Goal of the Competition

Falls among adults 65 and older are the leading cause of injury-related deaths. Medical record narratives are a rich yet under-explored source of potential insights about how, when, and why people fall. However, narrative data sources can be difficult to work with, often requiring carefully designed, time-intensive manual coding procedures.

The goal in this challenge was to identify effective methods of using unsupervised machine learning to extract insights about older adult falls from emergency department narratives. Insights extracted from medical record narratives can potentially inform interventions for reducing falls.

What's in this Repository

This repository contains code from winning competitors in the Unsupervised Wisdom: Explore Medical Narratives on Older Adult Falls DrivenData challenge. Code for all winning solutions are open source under the MIT License.

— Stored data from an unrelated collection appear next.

(* Let $K$ be a field and $A,B\in M_n(K)$. Then $\dim\ker M(A,B)\ge n\sum (m-1)$, where $m$ runs over the geometric multiplicities of the distinct eigenvalues of $B$ lying in $K$.
   Context: For a commutative ring $R$ with $1$ and $A,B\in M_n(R)$, $M(A,B)\in M_{n^2}(R)$ is the block matrix consisting of $n\times n$ blocks whose $(i,j)$-th block is $A^{j-1}B^{i-1}$ ($i,j=1,\dots,n$); it acts on $K^{n^2}$ viewed as column vectors. *)

theory Defs
  imports "Jordan_Normal_Form.Jordan_Normal_Form_Uniqueness"
begin

text \<open>The block matrix M(A,B) of size n^2 x n^2 (n = dim_row A), whose
  (i,j)-th n x n block (1-based) is A^(j-1) * B^(i-1).\<close>
definition block_M :: "'a :: comm_ring_1 mat \<Rightarrow> 'a mat \<Rightarrow> 'a mat" where
  "block_M A B = (let n = dim_row A in
     mat (n * n) (n * n)
       (\<lambda>(r, c). ((A ^\<^sub>m (c div n)) * (B ^\<^sub>m (r div n))) $$ (r mod n, c mod n)))"

definition geom_mult :: "'a :: field mat \<Rightarrow> 'a \<Rightarrow> nat" where
  "geom_mult B e = kernel_dim (char_matrix B e)"

end

theory Submission
  imports Defs "Jordan_Normal_Form.Spectral_Radius"
begin

text \<open>Split \<open>x \<in> K^(n*n)\<close> into \<open>n\<close> blocks \<open>x_0, \<dots>, x_(n-1)\<close>; the \<open>i\<close>-th block of
  \<open>M(A,B) x\<close> is \<open>\<Sum>_j A^j B^i x_j\<close>. Let \<open>u_1, \<dots>, u_s\<close> be the union of bases of all
  eigenspaces of \<open>B\<close>, \<open>B u_k = \<lambda>_k u_k\<close>; they are linearly independent and \<open>s = \<Sum> m\<close>.
  If every block is a combination \<open>x_j = \<Sum>_k c_jk u_k\<close>, the \<open>i\<close>-th block of \<open>M(A,B) x\<close>
  equals \<open>\<Sum>_\<lambda> \<lambda>^i y_\<lambda>\<close> with \<open>y_\<lambda> = \<Sum>_(\<lambda>_k = \<lambda>) \<Sum>_j c_jk A^j u_k\<close>, so \<open>x\<close> lies in
  the kernel once all \<open>y_\<lambda>\<close> vanish. These are \<open>d n\<close> linear conditions on the \<open>n s\<close>
  coefficients \<open>c_jk\<close> (\<open>d\<close> the number of eigenvalues), and \<open>c \<mapsto> x\<close> is injective; hence
  the kernel has dimension at least \<open>n s - d n = n \<Sum> (m - 1)\<close>.\<close>

section \<open>Kernel dimensions\<close>

text \<open>Linear independence of a finite set of vectors in \<open>K^n\<close>, spelled out in coordinates
  so that it can be used without interpreting the locale \<open>vec_space\<close>.\<close>
definition coord_lin_indpt :: "nat \<Rightarrow> 'a :: field vec set \<Rightarrow> bool" where
  "coord_lin_indpt n S \<longleftrightarrow>
     (\<forall>a. (\<forall>i<n. (\<Sum>v\<in>S. a v * v $ i) = 0) \<longrightarrow> (\<forall>v\<in>S. a v = 0))"

lemma (in vec_space) lin_indpt_iff_coord_lin_indpt:
  assumes fin: "finite S" and S: "S \<subseteq> carrier_vec n"
  shows "lin_indpt S \<longleftrightarrow> coord_lin_indpt n S"
proof -
  have lincomb_eq: "lincomb a S = 0\<^sub>v n \<longleftrightarrow> (\<forall>i<n. (\<Sum>v\<in>S. a v * v $ i) = 0)" for a
  proof
    assume zero: "lincomb a S = 0\<^sub>v n"
    show "\<forall>i<n. (\<Sum>v\<in>S. a v * v $ i) = 0"
    proof (intro allI impI)
      fix i assume i: "i < n"
      have "(\<Sum>v\<in>S. a v * v $ i) = lincomb a S $ i" using lincomb_index[OF i S] by simp
      then show "(\<Sum>v\<in>S. a v * v $ i) = 0" using zero i by simp
    qed
  next
    assume "\<forall>i<n. (\<Sum>v\<in>S. a v * v $ i) = 0"
    then show "lincomb a S = 0\<^sub>v n"
      by (intro eq_vecI) (use S in \<open>auto simp: lincomb_index\<close>)
  qed
  show ?thesis
  proof
    assume "lin_indpt S"
    then show "coord_lin_indpt n S"
      unfolding coord_lin_indpt_def lincomb_eq[symmetric]
      using not_lindepD[OF _ fin subset_refl] by blast
  next
    assume ind: "coord_lin_indpt n S"
    show "lin_indpt S"
    proof (rule finite_lin_indpt2[OF fin], goal_cases)
      case 1
      show ?case using S by simp
    next
      case (2 a)
      then show ?case using ind unfolding coord_lin_indpt_def lincomb_eq[symmetric] by simp
    qed
  qed
qed

lemma kernel_basis_coord_lin_indpt:
  fixes P :: "'a :: field mat"
  assumes P: "P \<in> carrier_mat nr nc"
  obtains S where "finite S" "S \<subseteq> mat_kernel P" "coord_lin_indpt nc S" "card S = kernel_dim P"
proof -
  interpret K: kernel nr nc P by (unfold_locales, rule P)
  obtain S where fin: "finite S" and basis: "K.basis S" using kernel_basis_exists[OF P] by auto
  have SK: "S \<subseteq> mat_kernel P" using basis unfolding K.Ker.basis_def by auto
  have "K.Ker.lin_indpt S" using basis unfolding K.Ker.basis_def by auto
  then have "K.NC.lin_indpt S" using K.lindep_same[OF SK] by simp
  moreover have "S \<subseteq> carrier_vec nc" using SK mat_kernel[OF P] by auto
  ultimately have "coord_lin_indpt nc S" using K.NC.lin_indpt_iff_coord_lin_indpt[OF fin] by simp
  moreover have "card S = kernel_dim P" using K.Ker.dim_basis[OF fin basis] by simp
  ultimately show thesis using that fin SK by blast
qed

lemma card_le_kernel_dim:
  fixes Q :: "'a :: field mat"
  assumes Q: "Q \<in> carrier_mat nr nc"
    and fin: "finite T" and TK: "T \<subseteq> mat_kernel Q" and ind: "coord_lin_indpt nc T"
  shows "card T \<le> kernel_dim Q"
proof -
  interpret K: kernel nr nc Q by (unfold_locales, rule Q)
  have "T \<subseteq> carrier_vec nc" using TK mat_kernel[OF Q] by auto
  then have "K.NC.lin_indpt T" using K.NC.lin_indpt_iff_coord_lin_indpt fin ind by blast
  then have li: "K.Ker.lin_indpt T" using K.lindep_same[OF TK] by simp
  obtain R where "finite R" "K.basis R" using kernel_basis_exists[OF Q] by auto
  then have "K.Ker.fin_dim" unfolding K.Ker.fin_dim_def K.Ker.basis_def by auto
  from K.Ker.li_le_dim(2)[OF this _ li] TK show ?thesis by simp
qed

lemma mult_mat_vec_index_sum:
  assumes "A \<in> carrier_mat nr nc" "v \<in> carrier_vec nc" "i < nr"
  shows "(A *\<^sub>v v) $ i = (\<Sum>r<nc. A $$ (i,r) * v $ r)"
  using assms by (simp add: mult_mat_vec_def scalar_prod_def lessThan_atLeast0)

lemma coord_lin_indpt_image:
  fixes X :: "'a :: field mat"
  assumes X: "X \<in> carrier_mat q p"
    and inj: "\<And>c. c \<in> carrier_vec p \<Longrightarrow> X *\<^sub>v c = 0\<^sub>v q \<Longrightarrow> c = 0\<^sub>v p"
    and S: "S \<subseteq> carrier_vec p" and ind: "coord_lin_indpt p S"
  shows "inj_on ((*\<^sub>v) X) S" and "coord_lin_indpt q ((*\<^sub>v) X ` S)"
proof -
  show inj_S: "inj_on ((*\<^sub>v) X) S"
  proof (rule inj_onI)
    fix u v assume "u \<in> S" "v \<in> S" and eq: "X *\<^sub>v u = X *\<^sub>v v"
    then have u: "u \<in> carrier_vec p" and v: "v \<in> carrier_vec p" using S by auto
    have "X *\<^sub>v (u - v) = X *\<^sub>v u - X *\<^sub>v v" using X u v by (simp add: mult_minus_distrib_mat_vec)
    also have "\<dots> = 0\<^sub>v q" using eq X v by simp
    finally have diff: "u - v = 0\<^sub>v p" using inj u v by simp
    show "u = v"
    proof (rule eq_vecI)
      fix i assume i: "i < dim_vec v"
      have "(u - v) $ i = 0" using diff i v by simp
      then show "u $ i = v $ i" using i u v by simp
    qed (use u v in simp)
  qed
  show "coord_lin_indpt q ((*\<^sub>v) X ` S)" unfolding coord_lin_indpt_def
  proof (intro allI impI)
    fix a assume zero: "\<forall>i<q. (\<Sum>v\<in>(*\<^sub>v) X ` S. a v * v $ i) = 0"
    define w where "w = vec p (\<lambda>r. \<Sum>v\<in>S. a (X *\<^sub>v v) * v $ r)"
    have "X *\<^sub>v w = 0\<^sub>v q"
    proof (rule eq_vecI)
      fix i assume "i < dim_vec (0\<^sub>v q :: 'a vec)"
      then have i: "i < q" by simp
      have "(X *\<^sub>v w) $ i = (\<Sum>r<p. X $$ (i,r) * (\<Sum>v\<in>S. a (X *\<^sub>v v) * v $ r))"
        using mult_mat_vec_index_sum[OF X _ i, of w] unfolding w_def by simp
      also have "\<dots> = (\<Sum>v\<in>S. a (X *\<^sub>v v) * (\<Sum>r<p. X $$ (i,r) * v $ r))"
        unfolding sum_distrib_left by (subst sum.swap) (simp add: ac_simps)
      also have "\<dots> = (\<Sum>v\<in>S. a (X *\<^sub>v v) * (X *\<^sub>v v) $ i)"
        using mult_mat_vec_index_sum[OF X _ i] S by (intro sum.cong) auto
      also have "\<dots> = (\<Sum>v\<in>(*\<^sub>v) X ` S. a v * v $ i)"
        by (simp add: sum.reindex[OF inj_S])
      finally show "(X *\<^sub>v w) $ i = (0\<^sub>v q :: 'a vec) $ i" using zero i by simp
    qed (use X in simp)
    then have w: "w = 0\<^sub>v p" using inj unfolding w_def by simp
    have coords: "(\<Sum>v\<in>S. a (X *\<^sub>v v) * v $ r) = 0" if "r < p" for r
      using arg_cong[OF w, of "\<lambda>x. x $ r"] that unfolding w_def by simp
    have "\<forall>v\<in>S. a (X *\<^sub>v v) = 0"
      using ind[unfolded coord_lin_indpt_def, THEN spec[of _ "\<lambda>v. a (X *\<^sub>v v)"]] coords by simp
    then show "\<forall>v\<in>(*\<^sub>v) X ` S. a v = 0" by blast
  qed
qed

Winning code for other DrivenData competitions is available in the competition-winners repository.

Winning Submissions

PlaceTeam or UserSummary of Approach
1artvolginUsing a downsampling method with ChatGPT and ML techniques, we obtained a full NEISS dataset across all accidents and age groups from 2013-2022 with six new variables: fall/not fall, prior activity, cause, body position, home location, and facility. We showed how these new indicators vary by age and sex for the fall-related cases and how they impact the likelihood of falls and post-fall hospitalization of older people. We also revealed seasonal and yearly trends in falls and provided a comparative age-based perspective, underscoring the value of the full ED narratives dataset in studying falls of older adults.
2zysymuAn information extraction pipeline was developed to aid in obtaining more specific details about what happened in the fall events. Inspired by TabLLM I created a custom prompt in a human-readable format for each data point, combining information contained on tabular variables and event narratives (which are "translated" so that technical terms are easier to understand). Six questions, each related to a different characteristic of the fall (cause, diagnosis, etc.), are appended to the prompts and fed to a Text2Text Generation LLM that extracts information by answering the questions. Finally, I train one LDA model for each kind of question to model the topics of the answers, creating a granular way of analyzing and recovering falls given their different characteristics.
3saketWe leveraged the ‘OpenAI’s text-embedding-ada-002’ embeddings provided by DrivenData to create a vector store in FAISS (Facebook Semantic Search). This allowed us to query the narrative using range search that returned relevant results. A key part of our solution involved meaningful context-aware and narrative (limited character) imposed query construction and understanding/categorizing actions that cause a fall. We also dug into the coding manual to understand how the narrative was structured and how best to extract precipitating events. We compared our solution to samples from OpenAI Chat GPT 3.5 and concluded ours was just as effective.
4xviiMy approach made use of embeddings, dimensionality reduction, clustering algorithms, network graphs and text summarization techniques to effectively identify and understand themes from medical narratives on older adults falls. The clustering analysis employed DBSCAN algorithm in conjunction with UMAP processing on the dimension reduced (PCA) embeddings data to uncover key themes cluster. Network graphs were used to explore keyword pair occurrences within narratives for the different clusters, with keyword ranking via the PageRank algorithm highlighting significant terms. Text ranking and summarization were applied to generate summaries for narrative clusters to provide insights into key themes.

Bonus Prizes

PrizeTeam or User
Most novel approachSeaHawk
Most compelling insightartvolgin
Best visualizationjimking100
Best null resultResearch4Good
Most helpful shared codezysymu
Most promising mid-point submissionsRyoyaKatafuchi, artvolgin, and saket

Additional solution details can be found in the reports folder inside the directory for each submission.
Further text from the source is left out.